> [Task item] First find the line with "real) \<Rightarrow> (real" in the entries below, then set down exactly every line through the line with "define h where", that line included.
Content starts
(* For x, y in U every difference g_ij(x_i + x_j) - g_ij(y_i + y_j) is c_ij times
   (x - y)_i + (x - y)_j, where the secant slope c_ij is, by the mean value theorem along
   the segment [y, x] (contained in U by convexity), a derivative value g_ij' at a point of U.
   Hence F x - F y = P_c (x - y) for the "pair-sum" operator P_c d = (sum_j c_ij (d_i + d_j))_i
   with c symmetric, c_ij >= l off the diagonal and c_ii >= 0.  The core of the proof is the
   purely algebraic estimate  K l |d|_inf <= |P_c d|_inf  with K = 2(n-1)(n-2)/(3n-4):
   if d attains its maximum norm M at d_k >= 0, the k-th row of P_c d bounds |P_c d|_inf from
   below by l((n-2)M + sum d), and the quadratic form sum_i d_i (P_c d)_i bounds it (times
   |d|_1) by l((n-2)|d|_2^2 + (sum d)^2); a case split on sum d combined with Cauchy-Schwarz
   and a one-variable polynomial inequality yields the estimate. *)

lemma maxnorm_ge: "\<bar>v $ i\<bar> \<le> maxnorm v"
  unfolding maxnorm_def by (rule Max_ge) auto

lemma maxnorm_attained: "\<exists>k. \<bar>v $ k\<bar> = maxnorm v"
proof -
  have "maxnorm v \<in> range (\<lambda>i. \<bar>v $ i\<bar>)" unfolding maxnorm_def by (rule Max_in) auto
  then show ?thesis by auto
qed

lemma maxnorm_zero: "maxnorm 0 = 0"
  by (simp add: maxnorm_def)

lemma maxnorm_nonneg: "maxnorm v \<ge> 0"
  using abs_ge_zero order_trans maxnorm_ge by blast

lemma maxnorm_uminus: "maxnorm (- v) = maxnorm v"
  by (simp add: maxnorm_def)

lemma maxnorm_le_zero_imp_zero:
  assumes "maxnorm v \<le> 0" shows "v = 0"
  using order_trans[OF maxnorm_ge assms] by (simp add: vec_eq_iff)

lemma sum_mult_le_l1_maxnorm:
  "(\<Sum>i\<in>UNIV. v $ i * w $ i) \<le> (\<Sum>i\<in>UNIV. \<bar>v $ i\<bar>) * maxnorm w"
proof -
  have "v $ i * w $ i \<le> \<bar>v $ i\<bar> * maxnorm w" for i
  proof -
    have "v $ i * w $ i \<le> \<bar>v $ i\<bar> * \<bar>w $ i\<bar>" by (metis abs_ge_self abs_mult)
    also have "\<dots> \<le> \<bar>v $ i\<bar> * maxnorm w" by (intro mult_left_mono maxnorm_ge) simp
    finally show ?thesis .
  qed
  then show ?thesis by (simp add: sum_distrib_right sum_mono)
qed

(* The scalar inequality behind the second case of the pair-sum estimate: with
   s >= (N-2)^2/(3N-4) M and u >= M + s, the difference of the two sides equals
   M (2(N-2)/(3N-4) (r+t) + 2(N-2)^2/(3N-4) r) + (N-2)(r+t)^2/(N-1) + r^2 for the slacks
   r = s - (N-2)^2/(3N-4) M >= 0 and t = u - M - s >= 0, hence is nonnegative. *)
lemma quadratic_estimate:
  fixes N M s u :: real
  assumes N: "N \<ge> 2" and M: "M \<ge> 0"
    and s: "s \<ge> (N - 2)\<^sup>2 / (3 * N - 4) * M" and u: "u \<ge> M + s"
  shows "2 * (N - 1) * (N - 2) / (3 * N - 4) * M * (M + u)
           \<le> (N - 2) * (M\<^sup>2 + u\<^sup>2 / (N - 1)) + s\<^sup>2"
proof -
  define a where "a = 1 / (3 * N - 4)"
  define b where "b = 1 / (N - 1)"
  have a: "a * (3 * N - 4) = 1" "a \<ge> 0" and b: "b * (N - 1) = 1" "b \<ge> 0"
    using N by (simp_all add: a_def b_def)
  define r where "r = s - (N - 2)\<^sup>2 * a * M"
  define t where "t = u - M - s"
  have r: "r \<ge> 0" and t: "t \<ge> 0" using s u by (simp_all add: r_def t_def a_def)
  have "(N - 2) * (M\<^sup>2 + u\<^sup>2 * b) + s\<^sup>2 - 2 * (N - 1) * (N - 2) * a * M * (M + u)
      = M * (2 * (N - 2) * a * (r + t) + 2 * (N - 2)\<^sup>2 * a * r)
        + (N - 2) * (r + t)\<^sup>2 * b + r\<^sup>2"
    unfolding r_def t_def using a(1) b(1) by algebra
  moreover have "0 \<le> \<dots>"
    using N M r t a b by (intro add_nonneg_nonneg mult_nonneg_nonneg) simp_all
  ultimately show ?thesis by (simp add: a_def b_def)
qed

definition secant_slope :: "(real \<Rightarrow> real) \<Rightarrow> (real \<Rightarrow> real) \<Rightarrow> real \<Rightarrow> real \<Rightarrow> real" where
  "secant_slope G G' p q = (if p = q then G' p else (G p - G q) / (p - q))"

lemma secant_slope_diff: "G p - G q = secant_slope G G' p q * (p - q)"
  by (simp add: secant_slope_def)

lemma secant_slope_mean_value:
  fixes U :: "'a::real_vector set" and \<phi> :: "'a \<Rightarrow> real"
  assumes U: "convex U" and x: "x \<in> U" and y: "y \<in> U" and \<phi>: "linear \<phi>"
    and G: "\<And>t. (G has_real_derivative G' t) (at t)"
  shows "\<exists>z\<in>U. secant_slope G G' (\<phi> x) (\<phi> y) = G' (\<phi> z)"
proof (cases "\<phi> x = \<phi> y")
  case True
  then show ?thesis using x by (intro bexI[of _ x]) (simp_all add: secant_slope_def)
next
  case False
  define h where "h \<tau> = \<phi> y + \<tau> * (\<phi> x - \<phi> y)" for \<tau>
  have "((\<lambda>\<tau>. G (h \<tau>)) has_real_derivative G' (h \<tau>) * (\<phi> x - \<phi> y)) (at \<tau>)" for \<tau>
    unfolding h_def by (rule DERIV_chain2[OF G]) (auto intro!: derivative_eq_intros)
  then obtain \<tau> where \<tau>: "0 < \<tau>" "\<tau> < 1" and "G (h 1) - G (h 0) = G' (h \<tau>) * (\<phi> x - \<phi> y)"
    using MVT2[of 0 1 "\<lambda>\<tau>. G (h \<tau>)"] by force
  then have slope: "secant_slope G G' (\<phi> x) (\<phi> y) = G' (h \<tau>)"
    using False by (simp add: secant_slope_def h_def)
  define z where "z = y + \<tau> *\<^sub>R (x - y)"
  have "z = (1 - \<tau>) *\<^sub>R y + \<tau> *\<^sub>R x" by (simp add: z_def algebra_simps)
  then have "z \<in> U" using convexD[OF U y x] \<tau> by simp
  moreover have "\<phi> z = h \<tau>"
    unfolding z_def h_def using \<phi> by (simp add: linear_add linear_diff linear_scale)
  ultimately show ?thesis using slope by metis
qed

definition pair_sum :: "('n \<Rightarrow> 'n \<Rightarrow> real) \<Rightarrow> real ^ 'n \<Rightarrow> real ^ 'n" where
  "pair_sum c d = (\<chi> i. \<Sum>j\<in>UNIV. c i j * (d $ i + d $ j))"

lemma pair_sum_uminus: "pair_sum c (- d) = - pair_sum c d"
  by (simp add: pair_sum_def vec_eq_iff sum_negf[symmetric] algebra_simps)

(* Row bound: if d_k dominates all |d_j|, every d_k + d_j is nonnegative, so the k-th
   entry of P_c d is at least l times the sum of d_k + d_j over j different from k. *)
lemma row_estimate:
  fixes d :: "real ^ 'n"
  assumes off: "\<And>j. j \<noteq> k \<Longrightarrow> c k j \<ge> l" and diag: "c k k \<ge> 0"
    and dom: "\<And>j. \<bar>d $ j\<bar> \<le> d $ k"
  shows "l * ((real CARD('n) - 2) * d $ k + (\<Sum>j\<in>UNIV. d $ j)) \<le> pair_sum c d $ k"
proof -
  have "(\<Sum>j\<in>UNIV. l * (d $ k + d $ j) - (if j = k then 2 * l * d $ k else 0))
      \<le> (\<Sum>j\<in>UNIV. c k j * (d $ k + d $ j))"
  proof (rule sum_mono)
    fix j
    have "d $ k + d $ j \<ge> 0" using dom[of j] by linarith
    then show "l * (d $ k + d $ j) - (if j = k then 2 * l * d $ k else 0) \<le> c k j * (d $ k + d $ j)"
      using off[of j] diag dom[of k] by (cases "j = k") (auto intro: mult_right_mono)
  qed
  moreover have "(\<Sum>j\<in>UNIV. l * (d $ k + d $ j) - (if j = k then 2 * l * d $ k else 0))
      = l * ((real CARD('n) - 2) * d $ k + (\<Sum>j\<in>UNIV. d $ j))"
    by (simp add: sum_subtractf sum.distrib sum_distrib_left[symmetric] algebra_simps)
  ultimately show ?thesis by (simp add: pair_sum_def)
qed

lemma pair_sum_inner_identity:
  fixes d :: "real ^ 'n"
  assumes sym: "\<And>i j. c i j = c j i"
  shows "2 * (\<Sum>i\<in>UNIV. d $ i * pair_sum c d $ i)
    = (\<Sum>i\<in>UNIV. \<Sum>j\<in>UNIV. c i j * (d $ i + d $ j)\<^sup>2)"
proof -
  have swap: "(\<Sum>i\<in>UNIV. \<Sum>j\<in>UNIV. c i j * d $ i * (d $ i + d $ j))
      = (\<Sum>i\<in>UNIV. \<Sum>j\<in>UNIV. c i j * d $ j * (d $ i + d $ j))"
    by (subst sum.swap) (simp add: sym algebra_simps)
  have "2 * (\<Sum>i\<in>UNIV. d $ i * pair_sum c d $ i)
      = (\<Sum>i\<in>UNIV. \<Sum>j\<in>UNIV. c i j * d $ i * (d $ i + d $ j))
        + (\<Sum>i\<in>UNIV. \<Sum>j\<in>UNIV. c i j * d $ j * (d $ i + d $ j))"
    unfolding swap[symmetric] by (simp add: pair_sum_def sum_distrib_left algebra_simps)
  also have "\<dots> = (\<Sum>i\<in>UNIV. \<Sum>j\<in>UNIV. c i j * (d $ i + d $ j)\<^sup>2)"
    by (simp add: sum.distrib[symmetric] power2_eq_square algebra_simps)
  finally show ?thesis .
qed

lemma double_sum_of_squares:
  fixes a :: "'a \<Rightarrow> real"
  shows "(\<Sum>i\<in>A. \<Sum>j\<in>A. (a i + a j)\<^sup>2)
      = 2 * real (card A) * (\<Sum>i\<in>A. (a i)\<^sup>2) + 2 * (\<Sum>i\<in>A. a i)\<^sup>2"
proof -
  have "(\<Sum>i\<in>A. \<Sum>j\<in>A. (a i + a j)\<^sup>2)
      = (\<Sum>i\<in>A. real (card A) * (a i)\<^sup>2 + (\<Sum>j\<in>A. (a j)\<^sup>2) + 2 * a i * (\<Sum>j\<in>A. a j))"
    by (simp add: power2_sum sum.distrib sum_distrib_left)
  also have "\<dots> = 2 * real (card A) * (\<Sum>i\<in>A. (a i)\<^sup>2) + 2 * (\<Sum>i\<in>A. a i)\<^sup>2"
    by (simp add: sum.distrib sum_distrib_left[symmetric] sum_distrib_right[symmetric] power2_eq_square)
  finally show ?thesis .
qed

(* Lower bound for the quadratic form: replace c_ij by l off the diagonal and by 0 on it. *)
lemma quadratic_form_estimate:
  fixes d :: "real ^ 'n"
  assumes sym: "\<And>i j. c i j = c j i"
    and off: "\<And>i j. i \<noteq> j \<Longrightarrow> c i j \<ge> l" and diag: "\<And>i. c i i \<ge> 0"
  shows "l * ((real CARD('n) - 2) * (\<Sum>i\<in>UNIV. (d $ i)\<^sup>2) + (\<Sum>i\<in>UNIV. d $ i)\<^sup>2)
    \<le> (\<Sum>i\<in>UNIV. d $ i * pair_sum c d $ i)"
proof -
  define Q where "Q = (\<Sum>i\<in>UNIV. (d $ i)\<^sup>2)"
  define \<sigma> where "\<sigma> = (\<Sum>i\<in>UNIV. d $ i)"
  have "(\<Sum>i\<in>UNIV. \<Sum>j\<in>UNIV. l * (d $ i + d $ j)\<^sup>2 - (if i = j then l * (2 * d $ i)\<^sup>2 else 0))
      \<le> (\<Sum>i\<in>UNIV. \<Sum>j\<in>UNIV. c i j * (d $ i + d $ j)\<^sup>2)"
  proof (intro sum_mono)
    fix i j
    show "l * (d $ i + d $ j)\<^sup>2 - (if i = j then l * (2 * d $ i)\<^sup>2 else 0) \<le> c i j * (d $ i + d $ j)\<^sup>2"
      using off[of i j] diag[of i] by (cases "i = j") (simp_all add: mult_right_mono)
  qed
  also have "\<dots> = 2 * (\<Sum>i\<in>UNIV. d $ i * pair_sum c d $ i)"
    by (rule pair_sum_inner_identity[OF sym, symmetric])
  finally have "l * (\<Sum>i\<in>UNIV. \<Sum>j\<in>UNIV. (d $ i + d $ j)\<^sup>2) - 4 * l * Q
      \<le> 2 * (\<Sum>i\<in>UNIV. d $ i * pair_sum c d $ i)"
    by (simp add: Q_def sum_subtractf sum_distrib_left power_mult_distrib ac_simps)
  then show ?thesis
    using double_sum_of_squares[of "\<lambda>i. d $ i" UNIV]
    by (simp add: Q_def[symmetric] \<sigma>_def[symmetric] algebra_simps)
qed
Content ends
Content starts
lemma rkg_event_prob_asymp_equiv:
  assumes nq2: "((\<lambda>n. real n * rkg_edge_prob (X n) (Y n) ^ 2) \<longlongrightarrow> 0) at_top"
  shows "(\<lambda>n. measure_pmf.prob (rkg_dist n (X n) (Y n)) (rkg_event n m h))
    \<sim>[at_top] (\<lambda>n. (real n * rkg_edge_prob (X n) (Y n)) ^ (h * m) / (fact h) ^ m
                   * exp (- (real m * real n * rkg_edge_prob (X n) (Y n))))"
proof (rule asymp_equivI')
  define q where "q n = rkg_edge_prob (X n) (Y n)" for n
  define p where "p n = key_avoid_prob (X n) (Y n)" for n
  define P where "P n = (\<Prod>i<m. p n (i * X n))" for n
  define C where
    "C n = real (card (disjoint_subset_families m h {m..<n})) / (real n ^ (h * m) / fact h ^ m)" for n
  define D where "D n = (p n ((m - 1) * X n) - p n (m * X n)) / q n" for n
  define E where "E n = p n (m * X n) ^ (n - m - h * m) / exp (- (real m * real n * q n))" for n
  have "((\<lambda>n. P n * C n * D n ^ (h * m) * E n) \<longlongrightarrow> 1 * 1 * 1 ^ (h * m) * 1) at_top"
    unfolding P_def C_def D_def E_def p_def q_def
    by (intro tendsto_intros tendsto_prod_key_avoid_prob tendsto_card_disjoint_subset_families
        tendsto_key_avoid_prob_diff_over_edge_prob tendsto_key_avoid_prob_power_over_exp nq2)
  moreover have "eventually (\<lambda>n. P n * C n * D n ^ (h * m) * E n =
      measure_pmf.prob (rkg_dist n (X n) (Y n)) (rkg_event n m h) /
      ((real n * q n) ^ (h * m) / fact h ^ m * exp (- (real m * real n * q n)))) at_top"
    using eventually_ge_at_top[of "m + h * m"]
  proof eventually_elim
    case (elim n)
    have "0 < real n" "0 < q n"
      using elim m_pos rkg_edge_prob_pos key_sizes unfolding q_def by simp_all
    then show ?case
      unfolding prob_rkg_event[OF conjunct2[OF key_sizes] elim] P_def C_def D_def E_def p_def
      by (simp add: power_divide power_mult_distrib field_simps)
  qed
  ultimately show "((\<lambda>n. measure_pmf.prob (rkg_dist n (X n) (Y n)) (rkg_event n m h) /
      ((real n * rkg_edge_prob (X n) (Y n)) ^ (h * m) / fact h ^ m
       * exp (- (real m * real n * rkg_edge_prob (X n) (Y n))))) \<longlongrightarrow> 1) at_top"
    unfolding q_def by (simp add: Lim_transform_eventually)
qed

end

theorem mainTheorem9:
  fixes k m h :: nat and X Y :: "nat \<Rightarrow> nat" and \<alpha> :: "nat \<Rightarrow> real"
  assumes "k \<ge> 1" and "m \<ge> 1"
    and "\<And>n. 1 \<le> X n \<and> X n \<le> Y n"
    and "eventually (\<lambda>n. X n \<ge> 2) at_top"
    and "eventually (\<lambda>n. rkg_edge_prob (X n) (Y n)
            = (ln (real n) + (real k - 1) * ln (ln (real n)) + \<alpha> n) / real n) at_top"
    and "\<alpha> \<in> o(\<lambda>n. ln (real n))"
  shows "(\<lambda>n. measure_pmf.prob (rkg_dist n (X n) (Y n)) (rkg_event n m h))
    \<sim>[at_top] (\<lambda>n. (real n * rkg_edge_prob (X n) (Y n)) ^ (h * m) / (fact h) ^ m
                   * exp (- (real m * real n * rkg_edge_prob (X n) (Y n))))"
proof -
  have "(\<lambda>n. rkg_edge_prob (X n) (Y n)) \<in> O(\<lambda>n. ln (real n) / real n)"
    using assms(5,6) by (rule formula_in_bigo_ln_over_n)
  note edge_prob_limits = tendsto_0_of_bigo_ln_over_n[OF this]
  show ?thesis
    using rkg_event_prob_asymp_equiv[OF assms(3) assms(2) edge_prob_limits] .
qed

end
Content ends
> [Problem solution]
definition secant_slope :: "(real \<Rightarrow> real) \<Rightarrow> (real \<Rightarrow> real) \<Rightarrow> real \<Rightarrow> real \<Rightarrow> real" where
  "secant_slope G G' p q = (if p = q then G' p else (G p - G q) / (p - q))"

lemma secant_slope_diff: "G p - G q = secant_slope G G' p q * (p - q)"
  by (simp add: secant_slope_def)

lemma secant_slope_mean_value:
  fixes U :: "'a::real_vector set" and \<phi> :: "'a \<Rightarrow> real"
  assumes U: "convex U" and x: "x \<in> U" and y: "y \<in> U" and \<phi>: "linear \<phi>"
    and G: "\<And>t. (G has_real_derivative G' t) (at t)"
  shows "\<exists>z\<in>U. secant_slope G G' (\<phi> x) (\<phi> y) = G' (\<phi> z)"
proof (cases "\<phi> x = \<phi> y")
  case True
  then show ?thesis using x by (intro bexI[of _ x]) (simp_all add: secant_slope_def)
next
  case False
  define h where "h \<tau> = \<phi> y + \<tau> * (\<phi> x - \<phi> y)" for \<tau>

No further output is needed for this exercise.